What is expected
Repeat the data exactly as it stands.
--------
(* Let $\lambda\in\mathbb R$ and write $u=x^2+x^4$. A smooth covector field $A$ on $\mathbb R^4$ satisfies $L_\xi A=0$ for $\xi\in\{e_{12}-e_{14}+\lambda e_2,\,e_1,\,e_3,\,e_2-e_4\}$ if and only if: (i) when $\lambda\neq0$, there are real constants $C_1,\dots,C_4$ with $$A_1=\frac{C_2}{\lambda}u+C_3,\quad A_2=\frac{C_2}{2\lambda^2}u^2+\frac{C_3}{\lambda}u+C_4,\quad A_3=C_1,\quad A_4=A_2+C_2;$$ (ii) when $\lambda=0$, $A_1=0$, $A_2=A_4=\Phi(u)$, $A_3=\Psi(u)$ for some smooth functions $\Phi,\Psi$ of one variable.
   Context: Work in $\mathbb R^4$ with Galilean (Cartesian) coordinates $x^1,x^2,x^3,x^4$ of Minkowski space (metric $\mathrm{diag}(-1,-1,-1,1)$). A potential on an open set $U\subseteq\mathbb R^4$ is a smooth covector field $A=A_i\,dx^i$; its components $A_i$ are always those with respect to the coordinates $x^i$, even when written as functions of other variables. For a vector field $\xi=\xi^k\partial_k$ the Lie derivative is $(L_\xi A)_i=\xi^k\partial_kA_i+A_k\partial_i\xi^k$. The vector fields used are, by components $(\xi^1,\xi^2,\xi^3,\xi^4)$: $e_1=(1,0,0,0)$, $e_2=(0,1,0,0)$, $e_3=(0,0,1,0)$, $e_4=(0,0,0,1)$, $e_{12}=(-x^2,x^1,0,0)$, $e_{13}=(x^3,0,-x^1,0)$, $e_{23}=(0,-x^3,x^2,0)$, $e_{14}=(x^4,0,0,x^1)$, $e_{24}=(0,x^4,0,x^2)$, $e_{34}=(0,0,x^4,x^3)$. A potential admits a family of vector fields if $L_\xi A=0$ for each $\xi$ in it (equivalently for every element of their linear span). "Functions" are smooth real functions; $\mathrm{ch}=\cosh$, $\mathrm{sh}=\sinh$. *)

theory Defs
  imports "HOL-Analysis.Analysis"
begin

type_synonym pt = "real \<times> real \<times> real \<times> real"

fun bvec :: "nat \<Rightarrow> pt" where
  "bvec (Suc 0) = (1,0,0,0)"
| "bvec (Suc (Suc 0)) = (0,1,0,0)"
| "bvec (Suc (Suc (Suc 0))) = (0,0,1,0)"
| "bvec (Suc (Suc (Suc (Suc 0)))) = (0,0,0,1)"
| "bvec _ = 0"

definition pd :: "nat \<Rightarrow> (pt \<Rightarrow> real) \<Rightarrow> pt \<Rightarrow> real" where
  "pd i f x = deriv (\<lambda>t. f (x + t *\<^sub>R bvec i)) 0"

coinductive smooth4 :: "(pt \<Rightarrow> real) \<Rightarrow> bool" where
  "(\<And>x. f differentiable (at x)) \<Longrightarrow> (\<And>i. i \<in> {1..4} \<Longrightarrow> smooth4 (pd i f)) \<Longrightarrow> smooth4 f"

coinductive smooth1 :: "(real \<Rightarrow> real) \<Rightarrow> bool" where
  "(\<And>x. f differentiable (at x)) \<Longrightarrow> smooth1 (deriv f) \<Longrightarrow> smooth1 f"

text \<open>Covector fields and vector fields: component index (1..4) and point.\<close>
type_synonym field = "nat \<Rightarrow> pt \<Rightarrow> real"

definition smooth_field :: "field \<Rightarrow> bool" where
  "smooth_field A \<longleftrightarrow> (\<forall>i\<in>{1..4}. smooth4 (A i))"

definition lie :: "field \<Rightarrow> field \<Rightarrow> field" where
  "lie xi A i x = (\<Sum>k\<in>{1..4}. xi k x * pd k (A i) x) + (\<Sum>k\<in>{1..4}. A k x * pd i (xi k) x)"

definition admits :: "field \<Rightarrow> field \<Rightarrow> bool" where
  "admits A xi \<longleftrightarrow> (\<forall>i\<in>{1..4}. \<forall>x. lie xi A i x = 0)"

definition vf :: "(pt \<Rightarrow> real) list \<Rightarrow> field" where
  "vf cs k x = (if k \<in> {1..4} then (cs ! (k - 1)) x else 0)"

definition e1 :: field where "e1 = vf [\<lambda>_. 1, \<lambda>_. 0, \<lambda>_. 0, \<lambda>_. 0]"
definition e2 :: field where "e2 = vf [\<lambda>_. 0, \<lambda>_. 1, \<lambda>_. 0, \<lambda>_. 0]"
definition e3 :: field where "e3 = vf [\<lambda>_. 0, \<lambda>_. 0, \<lambda>_. 1, \<lambda>_. 0]"
definition e4 :: field where "e4 = vf [\<lambda>_. 0, \<lambda>_. 0, \<lambda>_. 0, \<lambda>_. 1]"
definition e12 :: field where
  "e12 = vf [\<lambda>(x1,x2,x3,x4). - x2, \<lambda>(x1,x2,x3,x4). x1, \<lambda>_. 0, \<lambda>_. 0]"
definition e14 :: field where
  "e14 = vf [\<lambda>(x1,x2,x3,x4). x4, \<lambda>_. 0, \<lambda>_. 0, \<lambda>(x1,x2,x3,x4). x1]"

definition vadd :: "field \<Rightarrow> field \<Rightarrow> field" where "vadd a b k x = a k x + b k x"
definition vscale :: "real \<Rightarrow> field \<Rightarrow> field" where "vscale c a k x = c * a k x"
--------
Response
(* Let $\lambda\in\mathbb R$ and write $u=x^2+x^4$. A smooth covector field $A$ on $\mathbb R^4$ satisfies $L_\xi A=0$ for $\xi\in\{e_{12}-e_{14}+\lambda e_2,\,e_1,\,e_3,\,e_2-e_4\}$ if and only if: (i) when $\lambda\neq0$, there are real constants $C_1,\dots,C_4$ with $$A_1=\frac{C_2}{\lambda}u+C_3,\quad A_2=\frac{C_2}{2\lambda^2}u^2+\frac{C_3}{\lambda}u+C_4,\quad A_3=C_1,\quad A_4=A_2+C_2;$$ (ii) when $\lambda=0$, $A_1=0$, $A_2=A_4=\Phi(u)$, $A_3=\Psi(u)$ for some smooth functions $\Phi,\Psi$ of one variable.
   Context: Work in $\mathbb R^4$ with Galilean (Cartesian) coordinates $x^1,x^2,x^3,x^4$ of Minkowski space (metric $\mathrm{diag}(-1,-1,-1,1)$). A potential on an open set $U\subseteq\mathbb R^4$ is a smooth covector field $A=A_i\,dx^i$; its components $A_i$ are always those with respect to the coordinates $x^i$, even when written as functions of other variables. For a vector field $\xi=\xi^k\partial_k$ the Lie derivative is $(L_\xi A)_i=\xi^k\partial_kA_i+A_k\partial_i\xi^k$. The vector fields used are, by components $(\xi^1,\xi^2,\xi^3,\xi^4)$: $e_1=(1,0,0,0)$, $e_2=(0,1,0,0)$, $e_3=(0,0,1,0)$, $e_4=(0,0,0,1)$, $e_{12}=(-x^2,x^1,0,0)$, $e_{13}=(x^3,0,-x^1,0)$, $e_{23}=(0,-x^3,x^2,0)$, $e_{14}=(x^4,0,0,x^1)$, $e_{24}=(0,x^4,0,x^2)$, $e_{34}=(0,0,x^4,x^3)$. A potential admits a family of vector fields if $L_\xi A=0$ for each $\xi$ in it (equivalently for every element of their linear span). "Functions" are smooth real functions; $\mathrm{ch}=\cosh$, $\mathrm{sh}=\sinh$. *)

theory Defs
  imports "HOL-Analysis.Analysis"
begin

type_synonym pt = "real \<times> real \<times> real \<times> real"

fun bvec :: "nat \<Rightarrow> pt" where
  "bvec (Suc 0) = (1,0,0,0)"
| "bvec (Suc (Suc 0)) = (0,1,0,0)"
| "bvec (Suc (Suc (Suc 0))) = (0,0,1,0)"
| "bvec (Suc (Suc (Suc (Suc 0)))) = (0,0,0,1)"
| "bvec _ = 0"

definition pd :: "nat \<Rightarrow> (pt \<Rightarrow> real) \<Rightarrow> pt \<Rightarrow> real" where
  "pd i f x = deriv (\<lambda>t. f (x + t *\<^sub>R bvec i)) 0"

coinductive smooth4 :: "(pt \<Rightarrow> real) \<Rightarrow> bool" where
  "(\<And>x. f differentiable (at x)) \<Longrightarrow> (\<And>i. i \<in> {1..4} \<Longrightarrow> smooth4 (pd i f)) \<Longrightarrow> smooth4 f"

coinductive smooth1 :: "(real \<Rightarrow> real) \<Rightarrow> bool" where
  "(\<And>x. f differentiable (at x)) \<Longrightarrow> smooth1 (deriv f) \<Longrightarrow> smooth1 f"

text \<open>Covector fields and vector fields: component index (1..4) and point.\<close>
type_synonym field = "nat \<Rightarrow> pt \<Rightarrow> real"

definition smooth_field :: "field \<Rightarrow> bool" where
  "smooth_field A \<longleftrightarrow> (\<forall>i\<in>{1..4}. smooth4 (A i))"

definition lie :: "field \<Rightarrow> field \<Rightarrow> field" where
  "lie xi A i x = (\<Sum>k\<in>{1..4}. xi k x * pd k (A i) x) + (\<Sum>k\<in>{1..4}. A k x * pd i (xi k) x)"

definition admits :: "field \<Rightarrow> field \<Rightarrow> bool" where
  "admits A xi \<longleftrightarrow> (\<forall>i\<in>{1..4}. \<forall>x. lie xi A i x = 0)"

definition vf :: "(pt \<Rightarrow> real) list \<Rightarrow> field" where
  "vf cs k x = (if k \<in> {1..4} then (cs ! (k - 1)) x else 0)"

definition e1 :: field where "e1 = vf [\<lambda>_. 1, \<lambda>_. 0, \<lambda>_. 0, \<lambda>_. 0]"
definition e2 :: field where "e2 = vf [\<lambda>_. 0, \<lambda>_. 1, \<lambda>_. 0, \<lambda>_. 0]"
definition e3 :: field where "e3 = vf [\<lambda>_. 0, \<lambda>_. 0, \<lambda>_. 1, \<lambda>_. 0]"
definition e4 :: field where "e4 = vf [\<lambda>_. 0, \<lambda>_. 0, \<lambda>_. 0, \<lambda>_. 1]"
definition e12 :: field where
  "e12 = vf [\<lambda>(x1,x2,x3,x4). - x2, \<lambda>(x1,x2,x3,x4). x1, \<lambda>_. 0, \<lambda>_. 0]"
definition e14 :: field where
  "e14 = vf [\<lambda>(x1,x2,x3,x4). x4, \<lambda>_. 0, \<lambda>_. 0, \<lambda>(x1,x2,x3,x4). x1]"

definition vadd :: "field \<Rightarrow> field \<Rightarrow> field" where "vadd a b k x = a k x + b k x"
definition vscale :: "real \<Rightarrow> field \<Rightarrow> field" where "vscale c a k x = c * a k x"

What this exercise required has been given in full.